[Saved entries]

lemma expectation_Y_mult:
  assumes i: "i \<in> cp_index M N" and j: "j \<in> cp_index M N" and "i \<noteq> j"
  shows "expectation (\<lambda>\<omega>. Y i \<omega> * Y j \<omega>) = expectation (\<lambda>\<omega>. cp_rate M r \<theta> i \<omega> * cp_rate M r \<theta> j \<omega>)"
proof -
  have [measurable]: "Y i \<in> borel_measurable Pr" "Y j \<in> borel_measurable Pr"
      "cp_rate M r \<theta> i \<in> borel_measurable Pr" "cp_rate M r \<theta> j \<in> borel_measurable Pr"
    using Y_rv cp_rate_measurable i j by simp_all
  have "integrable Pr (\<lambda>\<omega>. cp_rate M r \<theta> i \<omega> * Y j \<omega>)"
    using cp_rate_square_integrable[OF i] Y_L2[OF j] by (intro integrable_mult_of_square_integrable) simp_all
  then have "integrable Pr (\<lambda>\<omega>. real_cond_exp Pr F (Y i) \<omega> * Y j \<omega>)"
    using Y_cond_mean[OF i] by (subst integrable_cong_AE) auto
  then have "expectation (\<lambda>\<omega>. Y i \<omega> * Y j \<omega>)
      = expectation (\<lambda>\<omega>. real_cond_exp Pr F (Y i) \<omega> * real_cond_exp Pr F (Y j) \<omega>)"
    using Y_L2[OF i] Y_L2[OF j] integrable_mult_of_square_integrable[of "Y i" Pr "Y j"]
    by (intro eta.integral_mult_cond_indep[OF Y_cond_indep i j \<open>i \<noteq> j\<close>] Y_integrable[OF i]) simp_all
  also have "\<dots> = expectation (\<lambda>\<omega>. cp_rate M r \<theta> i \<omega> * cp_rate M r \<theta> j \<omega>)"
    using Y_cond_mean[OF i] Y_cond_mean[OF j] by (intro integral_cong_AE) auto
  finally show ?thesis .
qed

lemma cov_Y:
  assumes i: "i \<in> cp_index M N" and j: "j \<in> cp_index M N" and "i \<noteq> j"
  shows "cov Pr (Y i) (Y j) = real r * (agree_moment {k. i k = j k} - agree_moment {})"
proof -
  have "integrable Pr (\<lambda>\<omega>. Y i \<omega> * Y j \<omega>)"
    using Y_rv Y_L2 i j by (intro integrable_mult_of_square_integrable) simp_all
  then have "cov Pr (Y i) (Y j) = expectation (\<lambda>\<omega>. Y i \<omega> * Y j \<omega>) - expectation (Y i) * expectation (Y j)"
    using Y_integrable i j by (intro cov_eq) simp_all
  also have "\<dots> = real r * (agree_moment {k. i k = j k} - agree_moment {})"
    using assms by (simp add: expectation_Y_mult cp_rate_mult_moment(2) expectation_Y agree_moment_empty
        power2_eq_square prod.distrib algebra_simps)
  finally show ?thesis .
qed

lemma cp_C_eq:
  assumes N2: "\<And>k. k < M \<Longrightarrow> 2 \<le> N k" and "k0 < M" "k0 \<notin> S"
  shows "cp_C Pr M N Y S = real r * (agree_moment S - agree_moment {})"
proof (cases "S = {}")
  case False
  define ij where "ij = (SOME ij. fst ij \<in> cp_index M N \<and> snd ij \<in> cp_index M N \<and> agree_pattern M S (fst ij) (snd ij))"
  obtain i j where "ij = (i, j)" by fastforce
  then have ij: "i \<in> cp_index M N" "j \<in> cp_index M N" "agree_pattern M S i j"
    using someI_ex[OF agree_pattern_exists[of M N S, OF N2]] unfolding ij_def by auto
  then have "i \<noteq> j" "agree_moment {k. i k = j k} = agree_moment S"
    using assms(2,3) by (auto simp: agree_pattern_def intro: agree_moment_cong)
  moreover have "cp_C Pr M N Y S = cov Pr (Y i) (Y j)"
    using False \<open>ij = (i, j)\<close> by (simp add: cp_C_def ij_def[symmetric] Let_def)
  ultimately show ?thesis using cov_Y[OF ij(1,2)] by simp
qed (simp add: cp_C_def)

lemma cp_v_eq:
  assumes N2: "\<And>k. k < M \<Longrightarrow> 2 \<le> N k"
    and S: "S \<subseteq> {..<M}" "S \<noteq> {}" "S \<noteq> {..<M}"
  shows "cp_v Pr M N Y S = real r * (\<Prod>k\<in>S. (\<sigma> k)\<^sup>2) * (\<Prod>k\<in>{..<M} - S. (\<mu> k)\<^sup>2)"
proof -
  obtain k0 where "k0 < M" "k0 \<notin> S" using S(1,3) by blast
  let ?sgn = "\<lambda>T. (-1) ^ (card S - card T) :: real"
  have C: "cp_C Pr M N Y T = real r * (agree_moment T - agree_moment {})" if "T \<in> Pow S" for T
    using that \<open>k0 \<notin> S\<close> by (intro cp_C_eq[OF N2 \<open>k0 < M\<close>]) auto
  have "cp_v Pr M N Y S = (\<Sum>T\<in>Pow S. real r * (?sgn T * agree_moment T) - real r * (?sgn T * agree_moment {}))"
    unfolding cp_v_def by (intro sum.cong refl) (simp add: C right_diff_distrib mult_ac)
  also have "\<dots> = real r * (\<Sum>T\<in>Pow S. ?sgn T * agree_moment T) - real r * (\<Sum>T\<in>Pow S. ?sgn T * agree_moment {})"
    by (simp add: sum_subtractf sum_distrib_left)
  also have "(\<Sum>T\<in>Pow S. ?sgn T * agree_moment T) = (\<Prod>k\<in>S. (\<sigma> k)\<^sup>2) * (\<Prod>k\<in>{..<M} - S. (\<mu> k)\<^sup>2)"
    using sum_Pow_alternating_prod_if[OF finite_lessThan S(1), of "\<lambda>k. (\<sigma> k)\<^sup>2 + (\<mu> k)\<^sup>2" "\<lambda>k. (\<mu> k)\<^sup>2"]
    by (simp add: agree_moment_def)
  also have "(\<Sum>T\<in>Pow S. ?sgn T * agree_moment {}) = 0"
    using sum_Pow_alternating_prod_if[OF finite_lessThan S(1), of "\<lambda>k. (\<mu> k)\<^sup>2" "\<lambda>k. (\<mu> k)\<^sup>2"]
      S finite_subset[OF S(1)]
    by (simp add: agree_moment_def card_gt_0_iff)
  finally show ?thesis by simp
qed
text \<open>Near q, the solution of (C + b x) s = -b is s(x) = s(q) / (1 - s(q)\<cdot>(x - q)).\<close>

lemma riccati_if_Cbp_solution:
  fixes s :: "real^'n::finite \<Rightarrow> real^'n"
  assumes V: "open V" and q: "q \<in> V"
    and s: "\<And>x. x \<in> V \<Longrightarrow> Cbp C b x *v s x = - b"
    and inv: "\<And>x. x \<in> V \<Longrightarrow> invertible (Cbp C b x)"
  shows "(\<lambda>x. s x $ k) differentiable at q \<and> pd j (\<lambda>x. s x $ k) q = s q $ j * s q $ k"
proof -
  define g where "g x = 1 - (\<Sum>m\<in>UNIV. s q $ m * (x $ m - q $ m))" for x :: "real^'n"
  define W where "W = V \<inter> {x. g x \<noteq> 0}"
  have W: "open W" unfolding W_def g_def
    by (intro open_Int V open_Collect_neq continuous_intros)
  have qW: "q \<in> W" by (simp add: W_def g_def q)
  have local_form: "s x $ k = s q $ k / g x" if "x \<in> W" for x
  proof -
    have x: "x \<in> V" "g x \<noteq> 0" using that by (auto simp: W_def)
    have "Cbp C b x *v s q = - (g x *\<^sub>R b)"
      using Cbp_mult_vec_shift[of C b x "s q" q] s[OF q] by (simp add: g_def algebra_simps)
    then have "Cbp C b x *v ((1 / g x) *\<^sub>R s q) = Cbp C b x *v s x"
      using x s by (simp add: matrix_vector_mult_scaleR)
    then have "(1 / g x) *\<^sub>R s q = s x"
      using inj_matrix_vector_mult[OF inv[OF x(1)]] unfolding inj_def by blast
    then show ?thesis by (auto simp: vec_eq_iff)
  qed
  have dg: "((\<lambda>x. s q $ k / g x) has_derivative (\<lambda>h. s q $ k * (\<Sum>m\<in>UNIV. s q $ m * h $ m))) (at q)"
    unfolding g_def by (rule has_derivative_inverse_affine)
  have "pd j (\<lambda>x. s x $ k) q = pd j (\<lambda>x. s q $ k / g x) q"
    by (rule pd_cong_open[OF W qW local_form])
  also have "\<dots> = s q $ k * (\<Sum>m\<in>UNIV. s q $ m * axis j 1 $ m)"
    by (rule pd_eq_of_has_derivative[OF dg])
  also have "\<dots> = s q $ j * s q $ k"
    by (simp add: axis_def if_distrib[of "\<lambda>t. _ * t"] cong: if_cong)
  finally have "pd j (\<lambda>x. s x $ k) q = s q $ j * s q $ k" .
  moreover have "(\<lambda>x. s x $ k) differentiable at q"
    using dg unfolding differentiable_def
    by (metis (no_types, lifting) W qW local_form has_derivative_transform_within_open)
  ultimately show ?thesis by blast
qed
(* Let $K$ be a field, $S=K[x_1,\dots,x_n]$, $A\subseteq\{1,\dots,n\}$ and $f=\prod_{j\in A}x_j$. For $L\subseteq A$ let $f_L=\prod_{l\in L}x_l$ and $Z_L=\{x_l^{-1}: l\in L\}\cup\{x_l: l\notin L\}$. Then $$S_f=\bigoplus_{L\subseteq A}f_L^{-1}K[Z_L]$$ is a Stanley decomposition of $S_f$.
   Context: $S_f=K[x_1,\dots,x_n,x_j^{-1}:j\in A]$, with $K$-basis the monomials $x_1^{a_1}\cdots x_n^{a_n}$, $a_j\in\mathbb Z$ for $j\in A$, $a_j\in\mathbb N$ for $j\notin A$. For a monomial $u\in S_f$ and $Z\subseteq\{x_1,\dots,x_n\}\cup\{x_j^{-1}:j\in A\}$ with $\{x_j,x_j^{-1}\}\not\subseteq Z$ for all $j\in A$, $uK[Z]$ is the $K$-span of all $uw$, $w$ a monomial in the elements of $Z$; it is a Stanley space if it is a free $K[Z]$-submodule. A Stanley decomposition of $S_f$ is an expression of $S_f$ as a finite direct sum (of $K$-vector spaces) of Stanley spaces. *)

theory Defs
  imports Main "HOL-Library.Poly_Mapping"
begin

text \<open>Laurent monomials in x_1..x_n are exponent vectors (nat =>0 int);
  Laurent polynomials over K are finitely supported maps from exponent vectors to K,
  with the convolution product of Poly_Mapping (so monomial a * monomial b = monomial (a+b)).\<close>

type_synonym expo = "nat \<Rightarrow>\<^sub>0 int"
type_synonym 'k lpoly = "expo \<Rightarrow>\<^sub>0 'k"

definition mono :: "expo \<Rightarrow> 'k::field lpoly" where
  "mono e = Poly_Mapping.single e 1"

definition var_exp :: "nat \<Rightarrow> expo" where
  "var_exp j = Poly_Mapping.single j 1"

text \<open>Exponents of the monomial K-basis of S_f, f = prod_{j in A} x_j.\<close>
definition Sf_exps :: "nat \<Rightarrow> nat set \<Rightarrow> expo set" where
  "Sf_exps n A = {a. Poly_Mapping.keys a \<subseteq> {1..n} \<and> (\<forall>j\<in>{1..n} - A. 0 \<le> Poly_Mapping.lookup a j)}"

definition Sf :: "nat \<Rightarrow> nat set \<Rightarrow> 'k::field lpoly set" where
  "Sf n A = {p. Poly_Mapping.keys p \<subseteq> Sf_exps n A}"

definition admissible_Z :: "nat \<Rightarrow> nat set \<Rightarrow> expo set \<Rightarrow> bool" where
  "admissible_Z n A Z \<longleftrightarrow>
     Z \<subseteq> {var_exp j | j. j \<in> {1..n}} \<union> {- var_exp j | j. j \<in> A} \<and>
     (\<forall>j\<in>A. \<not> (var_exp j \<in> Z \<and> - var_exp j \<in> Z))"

==

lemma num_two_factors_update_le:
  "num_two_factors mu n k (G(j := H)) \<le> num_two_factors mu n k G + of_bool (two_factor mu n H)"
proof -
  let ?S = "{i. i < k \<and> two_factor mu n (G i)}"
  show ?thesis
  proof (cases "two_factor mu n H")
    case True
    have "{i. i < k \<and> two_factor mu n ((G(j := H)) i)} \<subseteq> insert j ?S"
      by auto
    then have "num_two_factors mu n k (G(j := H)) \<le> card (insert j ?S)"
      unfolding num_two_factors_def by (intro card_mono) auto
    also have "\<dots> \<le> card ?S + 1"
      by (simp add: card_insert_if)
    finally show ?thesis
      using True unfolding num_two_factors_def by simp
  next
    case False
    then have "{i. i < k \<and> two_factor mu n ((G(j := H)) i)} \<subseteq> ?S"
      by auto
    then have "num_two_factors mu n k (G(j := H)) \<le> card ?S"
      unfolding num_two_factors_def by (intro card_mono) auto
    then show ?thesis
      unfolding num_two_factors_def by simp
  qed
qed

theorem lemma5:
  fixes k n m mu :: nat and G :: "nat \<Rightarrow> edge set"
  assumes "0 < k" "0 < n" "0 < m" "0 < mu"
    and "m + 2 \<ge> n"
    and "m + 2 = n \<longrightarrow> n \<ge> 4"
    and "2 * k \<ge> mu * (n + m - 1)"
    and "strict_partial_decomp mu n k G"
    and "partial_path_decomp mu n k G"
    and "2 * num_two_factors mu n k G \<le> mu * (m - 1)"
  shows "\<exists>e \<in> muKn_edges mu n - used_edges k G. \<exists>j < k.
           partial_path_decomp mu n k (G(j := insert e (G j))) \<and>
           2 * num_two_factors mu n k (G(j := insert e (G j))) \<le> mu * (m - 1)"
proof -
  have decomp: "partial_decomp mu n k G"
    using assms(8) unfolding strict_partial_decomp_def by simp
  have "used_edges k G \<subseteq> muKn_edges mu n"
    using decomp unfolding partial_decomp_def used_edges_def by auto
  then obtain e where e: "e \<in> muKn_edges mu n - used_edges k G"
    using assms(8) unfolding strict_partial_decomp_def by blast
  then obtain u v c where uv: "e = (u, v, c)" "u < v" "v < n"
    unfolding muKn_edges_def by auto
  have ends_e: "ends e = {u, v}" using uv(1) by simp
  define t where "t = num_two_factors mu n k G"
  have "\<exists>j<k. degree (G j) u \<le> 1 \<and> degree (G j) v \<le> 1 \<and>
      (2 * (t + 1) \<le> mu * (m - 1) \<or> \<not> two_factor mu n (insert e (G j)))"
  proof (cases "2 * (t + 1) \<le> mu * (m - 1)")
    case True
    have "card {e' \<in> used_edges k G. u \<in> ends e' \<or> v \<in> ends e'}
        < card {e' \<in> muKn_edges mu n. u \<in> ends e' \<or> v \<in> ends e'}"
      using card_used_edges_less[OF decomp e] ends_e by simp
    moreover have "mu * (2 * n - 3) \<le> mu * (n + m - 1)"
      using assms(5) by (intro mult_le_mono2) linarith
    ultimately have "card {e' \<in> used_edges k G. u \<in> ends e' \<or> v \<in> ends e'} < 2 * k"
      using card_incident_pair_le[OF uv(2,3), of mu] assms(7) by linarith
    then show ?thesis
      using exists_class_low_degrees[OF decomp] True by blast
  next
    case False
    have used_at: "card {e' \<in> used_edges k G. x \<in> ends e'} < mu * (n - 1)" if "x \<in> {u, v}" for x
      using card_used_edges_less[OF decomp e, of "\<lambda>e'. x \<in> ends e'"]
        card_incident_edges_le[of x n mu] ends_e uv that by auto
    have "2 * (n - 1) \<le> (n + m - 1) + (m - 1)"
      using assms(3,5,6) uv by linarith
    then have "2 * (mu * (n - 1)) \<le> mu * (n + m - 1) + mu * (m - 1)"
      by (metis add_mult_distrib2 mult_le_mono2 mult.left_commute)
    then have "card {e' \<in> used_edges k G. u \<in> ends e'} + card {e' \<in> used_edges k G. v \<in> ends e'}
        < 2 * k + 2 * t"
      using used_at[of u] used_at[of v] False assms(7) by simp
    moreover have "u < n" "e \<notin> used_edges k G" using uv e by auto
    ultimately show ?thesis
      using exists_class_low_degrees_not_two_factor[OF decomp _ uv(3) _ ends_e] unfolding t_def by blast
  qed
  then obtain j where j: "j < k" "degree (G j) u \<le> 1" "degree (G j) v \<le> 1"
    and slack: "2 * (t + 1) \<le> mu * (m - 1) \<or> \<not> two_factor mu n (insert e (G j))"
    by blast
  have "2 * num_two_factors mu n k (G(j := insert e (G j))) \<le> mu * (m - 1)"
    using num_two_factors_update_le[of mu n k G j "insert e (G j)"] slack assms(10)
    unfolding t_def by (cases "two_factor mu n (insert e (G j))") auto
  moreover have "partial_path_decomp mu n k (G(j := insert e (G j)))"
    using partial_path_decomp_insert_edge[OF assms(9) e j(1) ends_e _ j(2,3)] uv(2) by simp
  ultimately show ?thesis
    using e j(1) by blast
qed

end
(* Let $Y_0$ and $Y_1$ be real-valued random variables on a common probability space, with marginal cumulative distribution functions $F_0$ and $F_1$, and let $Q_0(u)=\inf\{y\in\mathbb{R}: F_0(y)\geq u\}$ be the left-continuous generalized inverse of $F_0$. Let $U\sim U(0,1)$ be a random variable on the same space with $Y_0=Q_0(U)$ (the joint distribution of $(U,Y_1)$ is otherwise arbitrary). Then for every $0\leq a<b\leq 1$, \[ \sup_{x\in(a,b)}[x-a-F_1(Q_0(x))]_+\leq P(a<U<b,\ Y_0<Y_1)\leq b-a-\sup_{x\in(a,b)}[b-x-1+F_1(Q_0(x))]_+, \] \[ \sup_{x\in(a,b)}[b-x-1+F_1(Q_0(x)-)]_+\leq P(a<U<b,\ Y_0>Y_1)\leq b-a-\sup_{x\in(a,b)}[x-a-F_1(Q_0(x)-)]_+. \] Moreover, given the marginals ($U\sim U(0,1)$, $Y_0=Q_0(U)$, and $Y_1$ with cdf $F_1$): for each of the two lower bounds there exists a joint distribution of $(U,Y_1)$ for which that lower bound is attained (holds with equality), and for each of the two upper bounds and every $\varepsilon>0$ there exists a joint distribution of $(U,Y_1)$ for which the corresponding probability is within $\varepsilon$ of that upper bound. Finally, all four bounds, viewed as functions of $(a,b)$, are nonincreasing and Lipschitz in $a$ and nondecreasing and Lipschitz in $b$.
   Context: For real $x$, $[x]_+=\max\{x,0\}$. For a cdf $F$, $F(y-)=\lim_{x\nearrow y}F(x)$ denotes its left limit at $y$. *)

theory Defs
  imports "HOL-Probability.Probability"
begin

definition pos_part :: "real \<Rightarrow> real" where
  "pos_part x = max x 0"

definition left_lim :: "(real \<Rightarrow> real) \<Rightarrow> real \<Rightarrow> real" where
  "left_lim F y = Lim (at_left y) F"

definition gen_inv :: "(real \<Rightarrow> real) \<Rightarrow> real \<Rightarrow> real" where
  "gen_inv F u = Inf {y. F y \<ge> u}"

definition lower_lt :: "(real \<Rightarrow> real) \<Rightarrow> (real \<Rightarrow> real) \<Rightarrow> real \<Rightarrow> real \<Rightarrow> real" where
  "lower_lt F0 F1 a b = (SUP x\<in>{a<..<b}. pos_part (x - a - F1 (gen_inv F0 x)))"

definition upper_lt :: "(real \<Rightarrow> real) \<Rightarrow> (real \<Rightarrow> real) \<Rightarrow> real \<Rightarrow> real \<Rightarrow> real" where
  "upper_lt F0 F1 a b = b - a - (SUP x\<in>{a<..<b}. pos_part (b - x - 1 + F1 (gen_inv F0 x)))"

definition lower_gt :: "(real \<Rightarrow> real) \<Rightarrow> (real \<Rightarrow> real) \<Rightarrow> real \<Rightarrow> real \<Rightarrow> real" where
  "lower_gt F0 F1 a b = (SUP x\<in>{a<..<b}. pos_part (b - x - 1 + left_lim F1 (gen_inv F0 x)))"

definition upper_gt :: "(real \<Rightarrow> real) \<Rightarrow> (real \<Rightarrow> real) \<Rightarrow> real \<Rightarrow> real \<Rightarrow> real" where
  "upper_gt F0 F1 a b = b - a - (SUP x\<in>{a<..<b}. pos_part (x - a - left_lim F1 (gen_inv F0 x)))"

» **What is being asked**
Return each line among the entries that holds the word "blast".

» **Result of the exercise**
  obtain k0 where "k0 < M" "k0 \<notin> S" using S(1,3) by blast
      using inj_matrix_vector_mult[OF inv[OF x(1)]] unfolding inj_def by blast
  ultimately show ?thesis by blast
    using assms(8) unfolding strict_partial_decomp_def by blast
      using exists_class_low_degrees[OF decomp] True by blast
      using exists_class_low_degrees_not_two_factor[OF decomp _ uv(3) _ ends_e] unfolding t_def by blast
    by blast
    using e j(1) by blast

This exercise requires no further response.